We witnessed this 700-year-old ritual at the Seyyid Usal Dervish Lodge in Bursa, a heavily industrialised city in northwestern Turkey, and the country's fourth largest. Thus, it is not a pretty place. It does, however, boast a rich history, and was at one time the Ottoman Sultan's capital.
The Seyyid Usal lodge was rescued from dereliction after the purges of 1925, and rebuilt into the handsome structure it is now. The religious ceremony, or Sema, of which the whirling dance is a part, is held in a large octagonal room, about 10m by 10m, with a gallery around all four walls. This is where the women and girls sit - Sufi is part of Islam, and therefore rigidly segregated.
The men sit downstairs, the better to be able to help the dancers and musicians into their costumes. There are, of course, no female dancers.
The evening begins with the entry of the sheik, the chief minister. He carries a red sheepskin, which he lays down at one end of the room.
This symbolises an imaginary line across the floor of the chamber, regarded as the cosmic guide to the ultimate truth. The participants of the evening's ceremony then enter, and bow in turn to the sheik. Their arms are crossed with fingertips of each hand resting on the opposite shoulder.
The dancers are dressed in white shirts and long white skirts, weighted at the hem. They also wear brown felt turbans, or kulah, which resemble nothing so much as upturned flower pots. The sheik is distinguished in his dress by a long black cloak over his white garments, and a grass-green silk scarf around his kulah.
The music is provided by a group of six or seven, playing traditional instruments such as the ney, a small wind instrument, stringed instruments called kemence and tanbur and various hand drums. Together they provide a strong mesmerising beat and chant that the Semazen revolve in time to.
Once positioned in a rough circle on the wooden floor, the dancers bow to the sheik, who stands by the sheepskin, and then to each other. They then begin to revolve, always anti-clockwise, slowly at first and then faster as the music tempo increases. The right arm is held above the body with the palm facing upward, and the left hand faces downwards.
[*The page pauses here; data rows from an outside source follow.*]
text \<open>The coefficient recursion of \<open>legendre_operator n p = 0\<close> determines \<open>coeff p j\<close> from
  \<open>coeff p (j+2)\<close> with the nonzero factor \<open>n(n+1) - j(j+1)\<close> for \<open>j < n\<close>.\<close>

lemma legendre_operator_eq_0_imp_eq_0:
  fixes p :: "'a::field_char_0 poly"
  assumes "legendre_operator n p = 0" and high: "\<And>k. k \<ge> n \<Longrightarrow> coeff p k = 0"
  shows "p = 0"
proof -
  have "coeff p j = 0" if "n - j \<le> d" for d j
    using that
  proof (induction d arbitrary: j)
    case (Suc d)
    show ?case
    proof (cases "j \<ge> n")
      case False
      have "j*(j+1) < n*(n+1)" using False by (intro mult_strict_mono) auto
      then have "(of_nat (n*(n+1)) - of_nat (j*(j+1)) :: 'a) \<noteq> 0"
        by (metis eq_iff_diff_eq_0 less_irrefl of_nat_eq_iff)
      moreover have "coeff p (j+2) = 0" using Suc False by auto
      moreover have "coeff (legendre_operator n p) j = 0" using assms(1) by simp
      ultimately show ?thesis by (simp add: coeff_legendre_operator)
    qed (use high in auto)
  qed (use high in auto)
  then show ?thesis by (metis le_refl coeff_0 poly_eqI)
qed

text \<open>The \<open>key\<close> facts here and below state the needed field identity with the factorials (and
  later the digamma values) replaced by variables, so that \<open>field_simps\<close> cannot unfold them.\<close>

lemma legendre_coeff_recurrence:
  "of_nat ((i+1)*(i+2)) * legendre_coeff (i + 2*t + 2) t
     + (of_nat ((i + 2*t + 2)*(i + 2*t + 2 + 1)) - of_nat (i*(i+1))) * legendre_coeff (i + 2*t + 2) (t+1)
   = (0 :: 'a::field_char_0)"
proof -
  define n where "n = i + 2*t + 2"
  define X :: 'a where "X = (-1)^t * fact (2*i+2*t+2) / (2^n * fact t * fact (i+t+1) * fact i)"
  have idx: "2*n - 2*(t+1) = 2*i + 2*t + 2" "2*n - 2*t = Suc (Suc (2*i+2*t+2))"
     "n - (t+1) = i + t + 1" "n - t = Suc (i+t+1)" "n - 2*(t+1) = i" "n - 2*t = Suc (Suc i)"
    by (auto simp: n_def)
  have f1: "(fact (Suc (Suc (2*i+2*t+2))) :: 'a)
      = (2 * (of_nat (i + t) + 2)) * (2 * of_nat i + 2 * of_nat t + 3) * fact (2*i+2*t+2)"
    by (simp add: algebra_simps)
  have f2: "(fact (Suc (i+t+1)) :: 'a) = (of_nat (i + t) + 2) * fact (i+t+1)"
    by (simp add: algebra_simps)
  have f3: "(fact (Suc (Suc i)) :: 'a) = (of_nat i + 2) * (of_nat i + 1) * fact i"
    by (simp add: algebra_simps)
  have f4: "(fact (t+1) :: 'a) = (of_nat t + 1) * fact t"
    by (simp add: algebra_simps)
  have A: "legendre_coeff n t = X * (2 * (2 * of_nat i + 2 * of_nat t + 3)) / ((of_nat i + 2) * (of_nat i + 1))"
  proof -
    have key: "s * ((2*q)*c*F1) / (P*T*(q*F2)*(r*u*F3)) = s*F1/(P*T*F2*F3) * (2*c) / (r*u)"
      if "F2 \<noteq> 0" "F3 \<noteq> 0" "T \<noteq> 0" "P \<noteq> 0" "q \<noteq> 0" "r \<noteq> 0" "u \<noteq> 0"
      for F1 F2 F3 T P s q c r u :: 'a
      using that by (simp add: field_simps)
    show ?thesis
      unfolding legendre_coeff_def idx X_def f1 f2 f3 by (rule key) (simp_all del: of_nat_add)
  qed
  have B: "legendre_coeff n (t+1) = - X / (of_nat t + 1)"
  proof -
    have key: "(-1)^(t+1) * F1 / (P*(a*T)*F2*F3) = - ((-1)^t * F1 / (P*T*F2*F3)) / a"
      if "F2 \<noteq> 0" "F3 \<noteq> 0" "T \<noteq> 0" "P \<noteq> 0" "a \<noteq> 0" for F1 F2 F3 T P a :: 'a
      using that by (simp add: field_simps)
    show ?thesis
      unfolding legendre_coeff_def idx X_def f4 by (rule key) (simp_all del: of_nat_add)
  qed
  have C: "(of_nat (n*(n+1)) - of_nat (i*(i+1)) :: 'a) = (2 * of_nat t + 2) * (2 * of_nat i + 2 * of_nat t + 3)"
    unfolding n_def by (simp add: algebra_simps)
  have key: "u*r*(X*(2*c)/(r*u)) + (2 * v + 2) * c*(-X/(v+1)) = 0"
    if "r \<noteq> 0" "u \<noteq> 0" "v+1 \<noteq> 0" for c r u v :: 'a
    using that by (simp add: field_simps)
  have D: "(of_nat ((i+1)*(i+2)) :: 'a) = (of_nat i + 1) * (of_nat i + 2)"
    by (simp add: algebra_simps)
  show ?thesis unfolding n_def[symmetric] A B C D by (rule key) simp_all
qed

lemma legendre_operator_legendre_poly:
  "legendre_operator n (legendre_poly n :: 'a::field_char_0 poly) = 0"
proof (intro poly_eqI)
  fix i
  show "coeff (legendre_operator n (legendre_poly n :: 'a poly)) i = coeff 0 i"
  proof (cases "i < n \<and> even (n - i)")
    case True
    then obtain d where d: "n - i = 2*d" by (metis evenE)
    define t where "t = d - 1"
    have n: "n = i + 2*t + 2" using d True unfolding t_def by (cases d) auto
    have "coeff (legendre_poly n :: 'a poly) i = legendre_coeff n (t+1)"
      "coeff (legendre_poly n :: 'a poly) (i+2) = legendre_coeff n t"
      using n by (simp_all add: coeff_legendre_poly)
    then show ?thesis
      using legendre_coeff_recurrence[of i t] n by (simp add: coeff_legendre_operator)
  next
    case False
    then have "\<not> (i+2 \<le> n \<and> even (n - (i+2)))" "i = n \<or> \<not> (i \<le> n \<and> even (n - i))"
      by presburger+
    then show ?thesis by (auto simp: coeff_legendre_operator coeff_legendre_poly)
  qed
qed

section \<open>Murphy's formula\<close>

text \<open>For \<open>e = 1\<close> and \<open>m = 0\<close>, \<open>murphy_coeff\<close> is \<open>binom n k binom (n+k) k\<close>, the coefficient in
  Murphy's formula \<open>P\<^sub>n(z) = \<Sum>\<^sub>k binom n k binom (n+k) k ((z-1)/2)\<^sup>k\<close>; \<open>e = -1\<close> gives its
  reflection \<open>P\<^sub>n(z) = (-1)\<^sup>n P\<^sub>n(-z)\<close>. The polynomial \<open>murphy_poly n e m\<close> is \<open>U\<^sub>m\<close>.\<close>

definition murphy_coeff :: "nat \<Rightarrow> 'a \<Rightarrow> nat \<Rightarrow> nat \<Rightarrow> 'a::field_char_0" where
  "murphy_coeff n e m k = e^k * fact (k+n) / (fact k * fact (k+m) * fact (n-k))"

definition murphy_poly :: "nat \<Rightarrow> 'a \<Rightarrow> nat \<Rightarrow> 'a::field_char_0 poly" where
  "murphy_poly n e m = poly_of_coeffs n (murphy_coeff n e m)"

lemma murphy_coeff_Suc:
  assumes "k < n"
  shows "murphy_coeff n e m (Suc k)
    = e * murphy_coeff n e m k * of_nat (n-k) * of_nat (n+k+1) / (of_nat (k+1) * of_nat (k+m+1))"
proof -
  have f1: "(fact (Suc k + n) :: 'a) = of_nat (n+k+1) * fact (k+n)" by (simp add: algebra_simps)
  have f2: "(fact (Suc k) :: 'a) = of_nat (k+1) * fact k" by simp
  have f3: "(fact (Suc k + m) :: 'a) = of_nat (k+m+1) * fact (k+m)" by (simp add: algebra_simps)
  have f4: "(fact (n - k) :: 'a) = of_nat (n-k) * fact (n - Suc k)"
    using assms by (metis Suc_diff_Suc fact_Suc)
  have key: "e^(Suc k) * (A*Fa) / ((B*Fb)*(C*Fc)*Fd) = e * (e^k*Fa/(Fb*Fc*(D*Fd))) * D * A / (B*C)"
    if "Fb \<noteq> 0" "Fc \<noteq> 0" "Fd \<noteq> 0" "B \<noteq> 0" "C \<noteq> 0" "D \<noteq> 0" for A B C D Fa Fb Fc Fd :: 'a
    using that by (simp add: field_simps)
  show ?thesis unfolding murphy_coeff_def f1 f2 f3 f4
    by (rule key) (use assms in \<open>simp_all del: of_nat_add\<close>)
qed

lemma murphy_coeff_Suc_order: "murphy_coeff n e (Suc m) k = murphy_coeff n e m k / of_nat (k+m+1)"
proof -
  have "(fact (k + Suc m) :: 'a) = of_nat (k+m+1) * fact (k+m)" by (simp add: algebra_simps)
  then show ?thesis unfolding murphy_coeff_def by (simp add: field_simps del: of_nat_add)
qed

text \<open>The Legendre operator in the variable \<open>x = (z - e)/2\<close>, assuming \<open>e\<^sup>2 = 1\<close>:
  \<open>n(n+1) q - x(x + e) q'' - (2x + e) q'\<close>.\<close>

definition shifted_legendre_operator :: "nat \<Rightarrow> 'a \<Rightarrow> 'a::idom poly \<Rightarrow> 'a poly" where
  "shifted_legendre_operator n e q = smult (of_nat (n*(n+1))) q - pCons 0 (pCons 0 (pderiv (pderiv q)))
     - smult e (pCons 0 (pderiv (pderiv q))) - smult 2 (pCons 0 (pderiv q)) - smult e (pderiv q)"

lemma coeff_shifted_legendre_operator:
  "coeff (shifted_legendre_operator n e q) k = (of_nat (n*(n+1)) - of_nat (k*(k+1))) * coeff q k
     - e * of_nat ((k+1)*(k+1)) * coeff q (k+1)"
  by (cases k; cases "k - 1")
     (simp_all add: shifted_legendre_operator_def coeff_pderiv algebra_simps numeral_2_eq_2)

lemma shifted_legendre_operator_murphy_poly:
  assumes "e * e = 1"
  shows "shifted_legendre_operator n e (murphy_poly n e 0) = 0"
proof (intro poly_eqI)
  fix k
  show "coeff (shifted_legendre_operator n e (murphy_poly n e 0)) k = coeff 0 k"
  proof (cases "k < n")
    case True
    have next_coeff: "murphy_coeff n e 0 (Suc k)
        = e * murphy_coeff n e 0 k * of_nat (n-k) * of_nat (n+k+1) / (of_nat (k+1) * of_nat (k+1))"
      using murphy_coeff_Suc[OF True, of e 0] by simp
    have factor_n: "(of_nat (n*(n+1)) - of_nat (k*(k+1)) :: 'a) = of_nat (n-k) * of_nat (n+k+1)"
      using True by (simp add: of_nat_diff algebra_simps)
    have factor_k: "(of_nat ((k+1)*(k+1)) :: 'a) = of_nat (k+1) * of_nat (k+1)"
      by (simp add: algebra_simps)
    have key: "D*E*u - e*(K*K)*(e*u*D*E/(K*K)) = 0" if "K \<noteq> 0" for D E u K :: 'a
      using that assms by (simp add: field_simps)
    show ?thesis
      unfolding coeff_shifted_legendre_operator murphy_poly_def coeff_poly_of_coeffs factor_n factor_k
      using True
      by (simp only: if_True Suc_eq_plus1[symmetric] less_eq_Suc_le next_coeff less_imp_le coeff_0)
         (rule key, simp)
  qed (simp add: coeff_shifted_legendre_operator murphy_poly_def coeff_poly_of_coeffs)
qed

lemma poly_legendre_operator_pcompose_shift:
  fixes e x :: "'a::field_char_0"
  assumes "e * e = 1"
  shows "poly (legendre_operator n (q \<circ>\<^sub>p [:-e/2, 1/2:])) (2*x + e)
    = poly (shifted_legendre_operator n e q) x"
proof -
  define l where "l = [:-e/2, 1/2:]"
  have lin: "poly l (2*x + e) = x" by (simp add: l_def field_simps)
  have d: "pderiv (p \<circ>\<^sub>p l) = smult (1/2) (pderiv p \<circ>\<^sub>p l)" for p :: "'a poly"
    by (simp add: l_def pderiv_pcompose pderiv_pCons)
  have "poly (legendre_operator n (q \<circ>\<^sub>p l)) (2*x + e)
      = (1/2) * (1/2) * poly (pderiv (pderiv q)) x
        - (2*x + e) * ((2*x + e) * ((1/2) * (1/2) * poly (pderiv (pderiv q)) x))
        - 2 * ((2*x + e) * ((1/2) * poly (pderiv q) x)) + of_nat (n*(n+1)) * poly q x"
    by (simp add: legendre_operator_def d pderiv_smult poly_pcompose lin)
  also have "\<dots> = poly (shifted_legendre_operator n e q) x"
  proof -
    have "e * (e * w) = w" for w using assms by (metis mult.assoc mult_1)
    then show ?thesis by (simp add: shifted_legendre_operator_def field_simps)
  qed
  finally show ?thesis unfolding l_def .
qed

lemma legendre_poly_eq_murphy:
  fixes e :: "'a::field_char_0"
  assumes e: "e * e = 1"
  shows "legendre_poly n = smult (e^n) (murphy_poly n e 0) \<circ>\<^sub>p [:-e/2, 1/2:]"
    (is "_ = ?M")
proof -
  have "shifted_legendre_operator n e (smult (e^n) (murphy_poly n e 0)) = 0"
    using shifted_legendre_operator_murphy_poly[OF e, of n]
    by (intro poly_eqI) (simp add: coeff_shifted_legendre_operator poly_eq_iff algebra_simps)
  then have shifted: "poly (legendre_operator n ?M) (2*x + e) = 0" for x
    using poly_legendre_operator_pcompose_shift[OF e] by simp
  have "poly (legendre_operator n ?M) z = 0" for z
    using shifted[of "(z - e)/2"] by (simp add: field_simps)
  then have "legendre_operator n ?M = 0" using poly_all_0_iff_0 by blast
  then have "legendre_operator n (legendre_poly n - ?M) = 0"
    by (simp add: legendre_operator_diff legendre_operator_legendre_poly)
  moreover have "coeff (legendre_poly n - ?M) k = 0" if "k \<ge> n" for k
  proof -
    have deg_U: "degree (smult (e^n) (murphy_poly n e 0)) \<le> n"
      using degree_poly_of_coeffs_le degree_smult_le order_trans unfolding murphy_poly_def by blast
    show ?thesis
    proof (cases "k = n")
      case True
      have "e^n * e^n = 1" using e by (metis power_mult_distrib power_one)
      then have "coeff ?M n = legendre_coeff n 0"
        using coeff_pcompose_linear_degree[OF deg_U, of "1/2" "-e/2"]
        by (simp add: murphy_poly_def coeff_poly_of_coeffs murphy_coeff_def legendre_coeff_def
            field_simps flip: mult.assoc) (simp add: mult_2_right)
      then show ?thesis using True by (simp add: coeff_legendre_poly)
    next
      case False
      have "degree ?M \<le> n"
        using degree_pcompose_le[of "smult (e^n) (murphy_poly n e 0)" "[:-e/2, 1/2:]"] deg_U by simp
      with that False have "degree ?M < k" by linarith
      moreover have "degree (legendre_poly n :: 'a poly) < k"
        using degree_legendre_poly_le[where 'a='a, of n] that False by linarith
      ultimately show ?thesis by (simp add: coeff_eq_0)
    qed
  qed
  ultimately have "legendre_poly n - ?M = 0" by (rule legendre_operator_eq_0_imp_eq_0)
  then show ?thesis by simp
qed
This symbolises that what they get from on high is passed on to the world.
And they whirl. And whirl. And whirl. The skirts swing out into circles, so that from the gallery the dancers resemble flowers.
This is remarkable when you look at the dancers and realise that some are as young as 7 or 8, while the older ones appear to be in their late 20s. It takes a year, apparently, for a Dervish to learn how to whirl. Places in the troupe are fiercely sought after, and families vie to have a son accepted.
After 20 minutes or so, one of the younger boys is beckoned off the floor and his place taken by another dancer. By this method of swapping dancers in and out, a total of 15 take the floor.
All the while, the sheik watches, his head nodding in time to the rhythm, his words mingling with those of the musicians.
The music slows, the chants fade, and the performance comes to an end. Yet it's only a part of a religious ceremony, the remainder of which is taken up by communal chanting of verses of the Koran, in which the women are permitted to take part.
The Whirling Dervish (not to be confused with those dervishes who so confused General Gordon at Khartoum in the late 19th century) is the icon of the Mevlevi order of Sufism, a branch of Islam based on the teachings of the mystic poet Rumi. Older, more experienced practitioners can whirl for hours to focus their attention on attaining union with the divine.
As a demonstration of religious belief, the ritual is very moving. Purely as a spectacle, it is somewhat eerie and unnerving. It is, however, not to be missed on a visit to Turkey.
From Istanbul to Bursa take a one-hour ferry to Yalova then an hour-and-a-half bus ride to Bursa. An alternative is to bus all the way - public transport is excellent in Turkey.
Further information: Entry to the Seyyil Usal Dervish lodge is free or by donation. Ceremonies are monthly. See similar rituals in Nevsehir in Cappadocia and at the Hocapasa Cultural Centre in Istanbul. A museum in Konya is dedicated to Sema and the dervishes.